When we built the voice line for this Dutch dental group, the part that took the longest was not the LLM. It was the SIP trunk capacity negotiation and the prestatiecode KB. We ended up solving the Friday-spike problem by pre-warming the worker pool 20 minutes before the weekly peak and pinning the carrier to a higher CPS ceiling for that window. The same pattern works for any voice agent on a real phone line, whether it answers for a clinic, an MOT garage, or a regional logistics dispatch.

If you are sitting on a line that drops calls at peak and you have not measured what those drops cost, the five-minute audit is this: pull last month's CDR (call detail records) from your PBX, count the calls that hit voicemail between 16:00 and 17:00 on Fridays, and multiply by your average booking value. The number is usually larger than the price of fixing it.

Key takeaway

A voice agent at 380 concurrent calls is a telephony, data, and GDPR project before it is an AI project. The model is the easy part.

FAQ

Can a voice agent really handle 380 simultaneous calls?

Yes, but the bottleneck is your SIP trunk and carrier rate limits, not the language model. Plan capacity at the telephony layer first, and pre-warm worker pools before known peaks.

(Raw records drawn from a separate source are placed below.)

lemma S_add_comm: "x \<in> S \<Longrightarrow> y \<in> S \<Longrightarrow> add x y = add y x"
  using semiring unfolding semiring_on_def by blast

lemma S_mul_assoc: "x \<in> S \<Longrightarrow> y \<in> S \<Longrightarrow> z \<in> S \<Longrightarrow> mul (mul x y) z = mul x (mul y z)"
  using semiring unfolding semiring_on_def by blast

lemma S_distrib_left: "x \<in> S \<Longrightarrow> y \<in> S \<Longrightarrow> z \<in> S \<Longrightarrow> mul x (add y z) = add (mul x y) (mul x z)"
  using semiring unfolding semiring_on_def by blast

lemma S_distrib_right: "x \<in> S \<Longrightarrow> y \<in> S \<Longrightarrow> z \<in> S \<Longrightarrow> mul (add x y) z = add (mul x z) (mul y z)"
  using semiring unfolding semiring_on_def by blast

lemma S_add_idem: "x \<in> S \<Longrightarrow> add x x = x"
  using add_idempotent by (simp add: add_idempotent_def)

lemma g_in_S: "g \<in> S"
  and add_g: "x \<in> S \<Longrightarrow> add x g = g"
  using greatest by (simp_all add: greatest_elem_def)

lemma mul_g_left: "s \<in> S \<Longrightarrow> mul g s = g"
  using left_absorbing by (simp add: left_absorbing_def)

lemma mul_g_right_ne: "\<exists>s\<in>S. mul s g \<noteq> g"
  using not_right_absorbing by (simp add: right_absorbing_def)

abbreviation sle :: "'a \<Rightarrow> 'a \<Rightarrow> bool" where "sle x y \<equiv> add x y = y"

lemma sle_antisym: "x \<in> S \<Longrightarrow> y \<in> S \<Longrightarrow> sle x y \<Longrightarrow> sle y x \<Longrightarrow> x = y"
  using S_add_comm by metis

lemma sle_trans: "x \<in> S \<Longrightarrow> y \<in> S \<Longrightarrow> z \<in> S \<Longrightarrow> sle x y \<Longrightarrow> sle y z \<Longrightarrow> sle x z"
  using S_add_assoc by metis

lemma sle_add_left: "x \<in> S \<Longrightarrow> y \<in> S \<Longrightarrow> sle x (add x y)"
  using S_add_assoc S_add_idem by metis

lemma sle_add_right: "x \<in> S \<Longrightarrow> y \<in> S \<Longrightarrow> sle y (add x y)"
  using sle_add_left S_add_comm by metis

lemma add_sle_iff:
  assumes "x \<in> S" "y \<in> S" "z \<in> S"
  shows "sle (add x y) z \<longleftrightarrow> sle x z \<and> sle y z"
proof
  assume "sle (add x y) z"
  then show "sle x z \<and> sle y z"
    using sle_trans[OF _ S_add_closed] sle_add_left sle_add_right assms by metis
next
  assume "sle x z \<and> sle y z"
  then show "sle (add x y) z"
    using S_add_assoc assms by metis
qed

lemma mul_left_mono: "x \<in> S \<Longrightarrow> y \<in> S \<Longrightarrow> z \<in> S \<Longrightarrow> sle x y \<Longrightarrow> sle (mul z x) (mul z y)"
  using S_distrib_left by metis

definition Sg :: "'a set" where "Sg = (\<lambda>s. mul s g) ` S"

lemma Sg_subset: "Sg \<subseteq> S"
  unfolding Sg_def using S_mul_closed g_in_S by blast

lemma g_in_Sg: "g \<in> Sg"
  unfolding Sg_def using mul_g_left g_in_S by (metis image_eqI)

lemma Sg_mul_absorb: "y \<in> Sg \<Longrightarrow> z \<in> S \<Longrightarrow> mul y z = y"
  unfolding Sg_def using S_mul_assoc mul_g_left g_in_S by auto

lemma Sg_add_closed:
  assumes "x \<in> Sg" "y \<in> Sg"
  shows "add x y \<in> Sg"
proof -
  obtain s t where "s \<in> S" "t \<in> S" "x = mul s g" "y = mul t g"
    using assms unfolding Sg_def by blast
  then show ?thesis
    unfolding Sg_def using S_distrib_right S_add_closed g_in_S by (metis image_eqI)
qed

lemma Sg_mul_closed:
  assumes "s \<in> S" "y \<in> Sg"
  shows "mul s y \<in> Sg"
proof -
  obtain t where "t \<in> S" "y = mul t g"
    using assms(2) unfolding Sg_def by blast
  then show ?thesis
    unfolding Sg_def using assms(1) S_mul_assoc S_mul_closed g_in_S by (metis image_eqI)
qed

lemma Sg_ne_g: "\<exists>b\<in>Sg. b \<noteq> g"
  using mul_g_right_ne unfolding Sg_def by blast

lemma Sg_faithful:
  assumes "s \<in> S" "t \<in> S" "\<forall>x\<in>Sg. mul s x = mul t x"
  shows "s = t"
proof -
  let ?P = "\<lambda>s t. \<forall>x\<in>Sg. mul s x = mul t x"
  have "(\<forall>s\<in>S. \<forall>t\<in>S. ?P s t \<longrightarrow> s = t) \<or> (\<forall>s\<in>S. \<forall>t\<in>S. ?P s t)"
    by (rule simple_semiring_congruence_cases[OF simple])
      (simp_all add: S_distrib_right S_mul_assoc Sg_mul_closed subsetD[OF Sg_subset])
  moreover have "\<not> ?P s g" if "s \<in> S" "mul s g \<noteq> g" for s
    using that g_in_Sg mul_g_left g_in_S by metis
  ultimately show ?thesis
    using assms mul_g_right_ne g_in_S by blast
qed

definition Sg_bounded :: "'a set" where
  "Sg_bounded = {s \<in> S. \<exists>a\<in>Sg. \<forall>x\<in>Sg. sle a (mul s x)}"

lemma Sg_bounded_add:
  assumes "s \<in> Sg_bounded" "t \<in> S"
  shows "add s t \<in> Sg_bounded"
proof -
  obtain a where s: "s \<in> S" and a: "a \<in> Sg" "\<forall>x\<in>Sg. sle a (mul s x)"
    using assms(1) unfolding Sg_bounded_def by blast
  have "sle a (mul (add s t) x)" if x: "x \<in> Sg" for x
  proof -
    have xS: "x \<in> S" and aS: "a \<in> S" using x a(1) Sg_subset by blast+
    have sx: "mul s x \<in> S" and tx: "mul t x \<in> S"
      using S_mul_closed s assms(2) xS by blast+
    have "sle (mul s x) (mul (add s t) x)"
      unfolding S_distrib_right[OF s assms(2) xS] by (rule sle_add_left[OF sx tx])
    moreover have "sle a (mul s x)" using a(2) x by blast
    ultimately show ?thesis
      using sle_trans[OF aS sx S_mul_closed[OF S_add_closed[OF s assms(2)] xS]] by blast
  qed
  then show ?thesis
    unfolding Sg_bounded_def using a(1) s assms(2) S_add_closed by blast
qed

lemma Sg_bounded_mul_right:
  assumes "s \<in> Sg_bounded" "t \<in> S"
  shows "mul s t \<in> Sg_bounded"
proof -
  obtain a where s: "s \<in> S" and a: "a \<in> Sg" "\<forall>x\<in>Sg. sle a (mul s x)"
    using assms(1) unfolding Sg_bounded_def by blast
  have "sle a (mul (mul s t) x)" if "x \<in> Sg" for x
    using a(2) Sg_mul_closed[OF assms(2) that] S_mul_assoc[OF s assms(2)] that Sg_subset by auto
  then show ?thesis
    unfolding Sg_bounded_def using a(1) s assms(2) S_mul_closed by blast
qed

lemma Sg_bounded_mul_left:
  assumes "s \<in> Sg_bounded" "t \<in> S"
  shows "mul t s \<in> Sg_bounded"
proof -
  obtain a where s: "s \<in> S" and a: "a \<in> Sg" "\<forall>x\<in>Sg. sle a (mul s x)"
    using assms(1) unfolding Sg_bounded_def by blast
  have "sle (mul t a) (mul (mul t s) x)" if x: "x \<in> Sg" for x
  proof -
    have xS: "x \<in> S" and aS: "a \<in> S" using x a(1) Sg_subset by blast+
    show ?thesis
      unfolding S_mul_assoc[OF assms(2) s xS]
      by (rule mul_left_mono[OF aS S_mul_closed[OF s xS] assms(2)]) (use a(2) x in blast)
  qed
  then show ?thesis
    unfolding Sg_bounded_def using Sg_mul_closed[OF assms(2) a(1)] s assms(2) S_mul_closed by blast
qed

lemma Sg_lower_bound:
  assumes "s \<in> S"
  shows "\<exists>a\<in>Sg. \<forall>x\<in>Sg. sle a (mul s x)"
proof -
  let ?P = "\<lambda>s t. s = t \<or> (s \<in> Sg_bounded \<and> t \<in> Sg_bounded)"
  have cases: "(\<forall>s\<in>S. \<forall>t\<in>S. ?P s t \<longrightarrow> s = t) \<or> (\<forall>s\<in>S. \<forall>t\<in>S. ?P s t)"
  proof (rule simple_semiring_congruence_cases[OF simple])
    fix x y u v assume xyuv: "x \<in> S" "y \<in> S" "u \<in> S" "v \<in> S" and "?P x y" "?P u v"
    then consider "x = y" "u = v" | "x \<in> Sg_bounded" "y \<in> Sg_bounded" | "u \<in> Sg_bounded" "v \<in> Sg_bounded"
      by blast
    then show "?P (add x u) (add y v) \<and> ?P (mul x u) (mul y v)"
    proof cases
      case 2
      then show ?thesis using Sg_bounded_add Sg_bounded_mul_right xyuv by blast
    next
      case 3
      then show ?thesis using Sg_bounded_add Sg_bounded_mul_left S_add_comm xyuv by metis
    qed simp
  qed blast+
  have bounded_Sg: "b \<in> Sg_bounded" if b: "b \<in> Sg" for b
  proof -
    have "b \<in> S" using b Sg_subset by blast
    then have "\<forall>x\<in>Sg. sle b (mul b x)"
      using Sg_mul_absorb[OF b] Sg_subset S_add_idem by auto
    then show ?thesis
      unfolding Sg_bounded_def using b \<open>b \<in> S\<close> by blast
  qed
  obtain b where b: "b \<in> Sg" "b \<noteq> g"
    using Sg_ne_g by blast
  have "\<not> (\<forall>s\<in>S. \<forall>t\<in>S. ?P s t \<longrightarrow> s = t)"
    using b bounded_Sg[OF b(1)] bounded_Sg[OF g_in_Sg] Sg_subset g_in_S by blast
  with cases have "?P s g"
    using assms g_in_S by blast
  then have "s \<in> Sg_bounded"
    using bounded_Sg[OF g_in_Sg] by blast
  then show ?thesis
    unfolding Sg_bounded_def by blast
qed

text \<open>
  For \<open>b \<in> S g - {g}\<close>, passing the same tests \<open>u s y \<le> b\<close> is a congruence. It is not total: otherwise
  already the tests \<open>s g \<le> b\<close> would give a congruence with at most two classes that separates \<open>b\<close>
  from \<open>g\<close>, hence the identity, contradicting \<open>2 < card S\<close>.
\<close>

lemma Sg_tests_separate_g:
  assumes b: "b \<in> Sg" "b \<noteq> g"
  shows "\<exists>w\<in>S. \<exists>s\<in>S. \<not> (sle (mul w (mul s g)) b \<longleftrightarrow> sle (mul w g) b)"
proof (rule ccontr)
  assume "\<not> ?thesis"
  then have test: "sle (mul w (mul s g)) b \<longleftrightarrow> sle (mul w g) b" if "w \<in> S" "s \<in> S" for w s
    using that by blast
  have bS: "b \<in> S" using b(1) Sg_subset by blast
  let ?Q = "\<lambda>s t. sle (mul s g) b \<longleftrightarrow> sle (mul t g) b"
  have below_add: "sle (mul (add x u) g) b \<longleftrightarrow> sle (mul x g) b \<and> sle (mul u g) b"
    if "x \<in> S" "u \<in> S" for x u
    unfolding S_distrib_right[OF that g_in_S] using add_sle_iff S_mul_closed that g_in_S bS by blast
  have below_mul: "sle (mul (mul x u) g) b \<longleftrightarrow> sle (mul x g) b" if "x \<in> S" "u \<in> S" for x u
    unfolding S_mul_assoc[OF that g_in_S] using test that by blast
  have "(\<forall>s\<in>S. \<forall>t\<in>S. ?Q s t \<longrightarrow> s = t) \<or> (\<forall>s\<in>S. \<forall>t\<in>S. ?Q s t)"
    by (rule simple_semiring_congruence_cases[OF simple]) (simp_all add: below_add below_mul)
  moreover have "\<not> ?Q b g"
    using Sg_mul_absorb[OF b(1) g_in_S] S_add_idem[OF bS] mul_g_left[OF g_in_S] add_g[OF bS] S_add_comm[OF bS g_in_S] b(2)
    by auto
  ultimately have "inj_on (\<lambda>s. sle (mul s g) b) S"
    using bS g_in_S unfolding inj_on_def by blast
  then have "card S \<le> card (UNIV :: bool set)"
    by (rule card_inj_on_le) auto
  then show False
    using card_S by simp
qed

lemma Sg_tests_eq:
  assumes b: "b \<in> Sg" "b \<noteq> g" and st: "s \<in> S" "t \<in> S"
    and tests: "\<forall>u\<in>S. \<forall>y\<in>Sg. sle (mul u (mul s y)) b \<longleftrightarrow> sle (mul u (mul t y)) b"
  shows "s = t"
proof -
  have bS: "b \<in> S" using b(1) Sg_subset by blast
  let ?P = "\<lambda>s t. \<forall>u\<in>S. \<forall>y\<in>Sg. sle (mul u (mul s y)) b \<longleftrightarrow> sle (mul u (mul t y)) b"
  have below_add: "sle (mul w (mul (add x u) y)) b \<longleftrightarrow> sle (mul w (mul x y)) b \<and> sle (mul w (mul u y)) b"
    if "w \<in> S" "x \<in> S" "u \<in> S" "y \<in> Sg" for w x u y
  proof -
    have yS: "y \<in> S" using that(4) Sg_subset by blast
    have xy: "mul x y \<in> S" and uy: "mul u y \<in> S"
      using S_mul_closed that(2,3) yS by blast+
    have "mul w (mul (add x u) y) = add (mul w (mul x y)) (mul w (mul u y))"
      using S_distrib_right[OF that(2,3) yS] S_distrib_left[OF that(1) xy uy] by simp
    then show ?thesis
      using add_sle_iff[OF S_mul_closed[OF that(1) xy] S_mul_closed[OF that(1) uy] bS] by simp
  qed
  have mul_assoc3: "mul w (mul (mul x u) y) = mul (mul w x) (mul u y)"
    if "w \<in> S" "x \<in> S" "u \<in> S" "y \<in> Sg" for w x u y
    using that Sg_subset S_mul_assoc S_mul_closed by (metis subsetD)
  have "(\<forall>s\<in>S. \<forall>t\<in>S. ?P s t \<longrightarrow> s = t) \<or> (\<forall>s\<in>S. \<forall>t\<in>S. ?P s t)"
  proof (rule simple_semiring_congruence_cases[OF simple])
    fix x y u v assume xyuv: "x \<in> S" "y \<in> S" "u \<in> S" "v \<in> S" and P: "?P x y" "?P u v"
    show "?P (add x u) (add y v) \<and> ?P (mul x u) (mul y v)"
    proof (intro conjI ballI)
      fix w z assume wz: "w \<in> S" "z \<in> Sg"
      show "sle (mul w (mul (add x u) z)) b \<longleftrightarrow> sle (mul w (mul (add y v) z)) b"
        using below_add wz xyuv P by simp
      have "sle (mul w (mul (mul x u) z)) b \<longleftrightarrow> sle (mul w (mul x (mul u z))) b"
        using S_mul_assoc xyuv wz Sg_subset by auto
      also have "\<dots> \<longleftrightarrow> sle (mul w (mul y (mul u z))) b"
        using P(1) wz Sg_mul_closed xyuv by blast
      also have "\<dots> \<longleftrightarrow> sle (mul (mul w y) (mul u z)) b"
        using S_mul_assoc xyuv wz Sg_subset S_mul_closed by auto
      also have "\<dots> \<longleftrightarrow> sle (mul (mul w y) (mul v z)) b"
        using P(2) wz S_mul_closed xyuv by blast
      also have "\<dots> \<longleftrightarrow> sle (mul w (mul (mul y v) z)) b"
        using mul_assoc3 wz xyuv by simp
      finally show "sle (mul w (mul (mul x u) z)) b \<longleftrightarrow> sle (mul w (mul (mul y v) z)) b" .
    qed
  qed blast+
  moreover have "\<not> (\<forall>s\<in>S. \<forall>t\<in>S. ?P s t)"
  proof
    assume "\<forall>s\<in>S. \<forall>t\<in>S. ?P s t"
    then have "sle (mul w (mul s g)) b \<longleftrightarrow> sle (mul w g) b" if "w \<in> S" "s \<in> S" for w s
      using that g_in_S g_in_Sg mul_g_left by metis
    then show False
      using Sg_tests_separate_g[OF b] by blast
  qed
  ultimately show ?thesis
    using st tests by blast
qed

What happens when the agent does not know the answer?

It books the appointment, flags the call for human follow-up in the morning, and tells the caller exactly what to expect next. It never guesses at insurance coverage.

Is recording phone calls legal under GDPR?

Yes, with a lawful basis, caller notice, and short retention. Calls in a health context are special-category data, so keep audio 30 days at most and document the policy where staff see it daily.

How accurate is Dutch speech recognition for dental terminology?

Out of the box, around 11% word error rate in the wild. With per-clinic vocabulary tuning and roughly 30 hours of in-domain audio, we got it under 5% on coverage-relevant words.